lemma nn_integral_beta_tail_reflect:
  fixes a b u :: real
  shows "(\<integral>\<^sup>+t. ennreal (indicator {u<..1} t * (t powr (a - 1) * (1 - t) powr (b - 1))) \<partial>lborel)
       = (\<integral>\<^sup>+s. ennreal (s powr (b - 1) * (1 - s) powr (a - 1) * indicator {0..1 - u} s) \<partial>lborel)"
proof -
  have "(\<integral>\<^sup>+t. ennreal (indicator {u<..1} t * (t powr (a - 1) * (1 - t) powr (b - 1))) \<partial>lborel)
      = (\<integral>\<^sup>+s. ennreal (indicator {u<..1} (1 - s) * ((1 - s) powr (a - 1) * s powr (b - 1))) \<partial>lborel)"
    using nn_integral_real_affine[of "\<lambda>t. ennreal (indicator {u<..1} t * (t powr (a - 1) * (1 - t) powr (b - 1)))" "-1" 1]
    by simp
  also have "\<dots> = (\<integral>\<^sup>+s. ennreal (s powr (b - 1) * (1 - s) powr (a - 1) * indicator {0..1 - u} s) \<partial>lborel)"
    by (intro nn_integral_cong_AE eventually_mono[OF AE_lborel_singleton[of "1 - u"]])
      (auto simp: indicator_def mult_ac)
  finally show ?thesis .
qed

lemma nn_integral_beta_tail_substitution:
  fixes a b x y :: real
  assumes x: "x > 0" and y: "y > 0"
  shows "(\<integral>\<^sup>+t. ennreal (indicator {x / (x + y)<..1} t * (t powr (a - 1) * (1 - t) powr (b - 1))) \<partial>lborel)
       = ennreal (x powr a * y powr b) *
         (\<integral>\<^sup>+w. ennreal (indicator {0..1} w * (w powr (b - 1) * (x + y * w) powr (- (a + b)))) \<partial>lborel)"
proof -
  define f where "f s = s powr (b - 1) * (1 - s) powr (a - 1)" for s :: real
  define g where "g w = y * w / (x + y * w)" for w :: real
  define g' where "g' w = x * y / (x + y * w)\<^sup>2" for w :: real
  have pos: "x + y * w > 0" if "w \<in> {0..1}" for w
    using that x y by (simp add: add_pos_nonneg)
  have "{0..1 - x / (x + y)} = {g 0..g 1}"
    using x y by (simp add: g_def field_simps)
  then have "(\<integral>\<^sup>+t. ennreal (indicator {x / (x + y)<..1} t * (t powr (a - 1) * (1 - t) powr (b - 1))) \<partial>lborel)
      = (\<integral>\<^sup>+s. ennreal (f s * indicator {g 0..g 1} s) \<partial>lborel)"
    unfolding f_def using nn_integral_beta_tail_reflect[of "x / (x + y)" a b] by (simp only:)
  also have "\<dots> = (\<integral>\<^sup>+w. ennreal (f (g w) * g' w * indicator {0..1} w) \<partial>lborel)"
  proof (rule nn_integral_substitution)
    show "set_borel_measurable borel {g 0..g 1} f"
      unfolding set_borel_measurable_def f_def by measurable
    show "(g has_real_derivative g' w) (at w)" if "w \<in> {0..1}" for w
      using pos[OF that] unfolding g_def g'_def
      by (auto intro!: derivative_eq_intros simp: field_simps power2_eq_square)
    show "continuous_on {0..1} g'"
      unfolding g'_def by (intro continuous_intros) (use pos in fastforce)
    show "0 \<le> g' w" for w
      unfolding g'_def using x y by simp
  qed simp
  also have "\<dots> = (\<integral>\<^sup>+w. ennreal (x powr a * y powr b) *
      ennreal (indicator {0..1} w * (w powr (b - 1) * (x + y * w) powr (- (a + b)))) \<partial>lborel)"
    using beta_substitution_integrand[OF x y]
    by (intro nn_integral_cong) (simp add: f_def g_def g'_def indicator_def ennreal_mult'[symmetric])
  finally show ?thesis
    by (simp add: nn_integral_cmult)
qed

lemma inc_beta_eq_Beta_minus_tail:
  fixes a b x y :: real
  assumes a: "a > 0" and b: "b > 0" and x: "x > 0" and y: "y > 0"
  shows "inc_beta a b (x / (x + y)) = Beta a b - x powr a * y powr b *
           enn2real (\<integral>\<^sup>+w. ennreal (indicator {0..1} w * (w powr (b - 1) * (x + y * w) powr (- (a + b)))) \<partial>lborel)"
proof -
  define W where "W = (\<integral>\<^sup>+w. ennreal (indicator {0..1} w * (w powr (b - 1) * (x + y * w) powr (- (a + b)))) \<partial>lborel)"
  have c: "0 \<le> x / (x + y)" "x / (x + y) \<le> 1"
    using x y by simp_all
  have split: "ennreal (inc_beta a b (x / (x + y))) + ennreal (x powr a * y powr b) * W = ennreal (Beta a b)"
    using inc_beta_add_tail[OF a b c] nn_integral_beta_tail_substitution[OF x y, of a b]
    by (simp add: W_def)
  then obtain w where w: "W = ennreal w" "0 \<le> w"
    using x y by (cases W) (auto simp: ennreal_mult_top)
  have "Beta a b > 0"
    using a b by (simp add: Beta_def Gamma_real_pos)
  then have "inc_beta a b (x / (x + y)) + x powr a * y powr b * w = Beta a b"
    using split w c
    by (simp add: inc_beta_nonneg ennreal_plus[symmetric] ennreal_mult'[symmetric] del: ennreal_plus)
  then show ?thesis
    unfolding W_def[symmetric] w(1) using w(2) by simp
qed

lemma lower_inc_gamma_Laplace:
  fixes lam x a b :: real
  assumes lam: "lam > 0" and x: "x > 0" and a: "a > 0" and b: "b > 0"
  shows "(LBINT t=0..\<infinity>. lower_inc_gamma a (b * t) / Gamma a * t powr (lam - 1) * exp (- x * t))
       = b powr a * Gamma (lam + a) / Gamma a *
         enn2real (\<integral>\<^sup>+w. ennreal (indicator {0..1} w * (w powr (a - 1) * (x + b * w) powr (- (lam + a)))) \<partial>lborel)"
proof -
  have "(LBINT t=0..\<infinity>. lower_inc_gamma a (b * t) / Gamma a * t powr (lam - 1) * exp (- x * t))
      = enn2real (\<integral>\<^sup>+t. ennreal (indicator {0<..} t *
          (lower_inc_gamma a (b * t) / Gamma a * t powr (lam - 1) * exp (- x * t))) \<partial>lborel)"
    unfolding zero_ereal_def
    by (rule interval_integral_Ioi_eq_nn_integral)
      (use a b in \<open>auto simp: lower_inc_gamma_nonneg Gamma_real_pos\<close>)
  also have "\<dots> = enn2real (ennreal (b powr a * Gamma (lam + a) / Gamma a) *
      (\<integral>\<^sup>+w. ennreal (indicator {0..1} w * (w powr (a - 1) * (x + b * w) powr (- (lam + a)))) \<partial>lborel))"
    unfolding nn_integral_lower_inc_gamma_Laplace[OF lam x a b] ..
  also have "\<dots> = b powr a * Gamma (lam + a) / Gamma a *
      enn2real (\<integral>\<^sup>+w. ennreal (indicator {0..1} w * (w powr (a - 1) * (x + b * w) powr (- (lam + a)))) \<partial>lborel)"
    using a b lam by (simp add: enn2real_mult Gamma_real_pos)
  finally show ?thesis .
qed

theorem lemma2p1:
  fixes lam x y :: real
  assumes "lam > 0" and "x > 0" and "y > 0"
  shows "Gamma (lam + y) / Gamma y * inc_beta lam y (x / (x + y))
       = Gamma lam - x powr lam *
           (LBINT t=0..\<infinity>. lower_inc_gamma y (y * t) / Gamma y * t powr (lam - 1) * exp (- x * t))"
proof -
  note lam = assms(1) and x = assms(2) and y = assms(3)
  define W where "W = enn2real (\<integral>\<^sup>+w. ennreal (indicator {0..1} w *
      (w powr (y - 1) * (x + y * w) powr (- (lam + y)))) \<partial>lborel)"
  have Gamma_pos: "Gamma y > 0" "Gamma (lam + y) > 0"
    using lam y by (simp_all add: Gamma_real_pos)
  have Gamma_lam: "Gamma lam = Gamma (lam + y) / Gamma y * Beta lam y"
    using Gamma_pos by (simp add: Beta_def)
  have inc_beta: "inc_beta lam y (x / (x + y)) = Beta lam y - x powr lam * y powr y * W"
    using inc_beta_eq_Beta_minus_tail[OF lam y x y] by (simp add: W_def)
  have Laplace: "(LBINT t=0..\<infinity>. lower_inc_gamma y (y * t) / Gamma y * t powr (lam - 1) * exp (- x * t))
      = y powr y * Gamma (lam + y) / Gamma y * W"
    using lower_inc_gamma_Laplace[OF lam x y y] by (simp add: W_def)
  show ?thesis
    unfolding inc_beta Laplace Gamma_lam using Gamma_pos by (simp add: field_simps)
qed

end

--

* TASK REQUIREMENTS
The reply should hold only the lines of the listing above starting at the line containing "using pos[OF that]" and ending at the line containing "using split w c", exactly as written.

* EXERCISE ANSWER
      using pos[OF that] unfolding g_def g'_def
      by (auto intro!: derivative_eq_intros simp: field_simps power2_eq_square)
    show "continuous_on {0..1} g'"
      unfolding g'_def by (intro continuous_intros) (use pos in fastforce)
    show "0 \<le> g' w" for w
      unfolding g'_def using x y by simp
  qed simp
  also have "\<dots> = (\<integral>\<^sup>+w. ennreal (x powr a * y powr b) *
      ennreal (indicator {0..1} w * (w powr (b - 1) * (x + y * w) powr (- (a + b)))) \<partial>lborel)"
    using beta_substitution_integrand[OF x y]
    by (intro nn_integral_cong) (simp add: f_def g_def g'_def indicator_def ennreal_mult'[symmetric])
  finally show ?thesis
    by (simp add: nn_integral_cmult)
qed

lemma inc_beta_eq_Beta_minus_tail:
  fixes a b x y :: real
  assumes a: "a > 0" and b: "b > 0" and x: "x > 0" and y: "y > 0"
  shows "inc_beta a b (x / (x + y)) = Beta a b - x powr a * y powr b *
           enn2real (\<integral>\<^sup>+w. ennreal (indicator {0..1} w * (w powr (b - 1) * (x + y * w) powr (- (a + b)))) \<partial>lborel)"
proof -
  define W where "W = (\<integral>\<^sup>+w. ennreal (indicator {0..1} w * (w powr (b - 1) * (x + y * w) powr (- (a + b)))) \<partial>lborel)"
  have c: "0 \<le> x / (x + y)" "x / (x + y) \<le> 1"
    using x y by simp_all
  have split: "ennreal (inc_beta a b (x / (x + y))) + ennreal (x powr a * y powr b) * W = ennreal (Beta a b)"
    using inc_beta_add_tail[OF a b c] nn_integral_beta_tail_substitution[OF x y, of a b]
    by (simp add: W_def)
  then obtain w where w: "W = ennreal w" "0 \<le> w"
    using x y by (cases W) (auto simp: ennreal_mult_top)
  have "Beta a b > 0"
    using a b by (simp add: Beta_def Gamma_real_pos)
  then have "inc_beta a b (x / (x + y)) + x powr a * y powr b * w = Beta a b"
    using split w c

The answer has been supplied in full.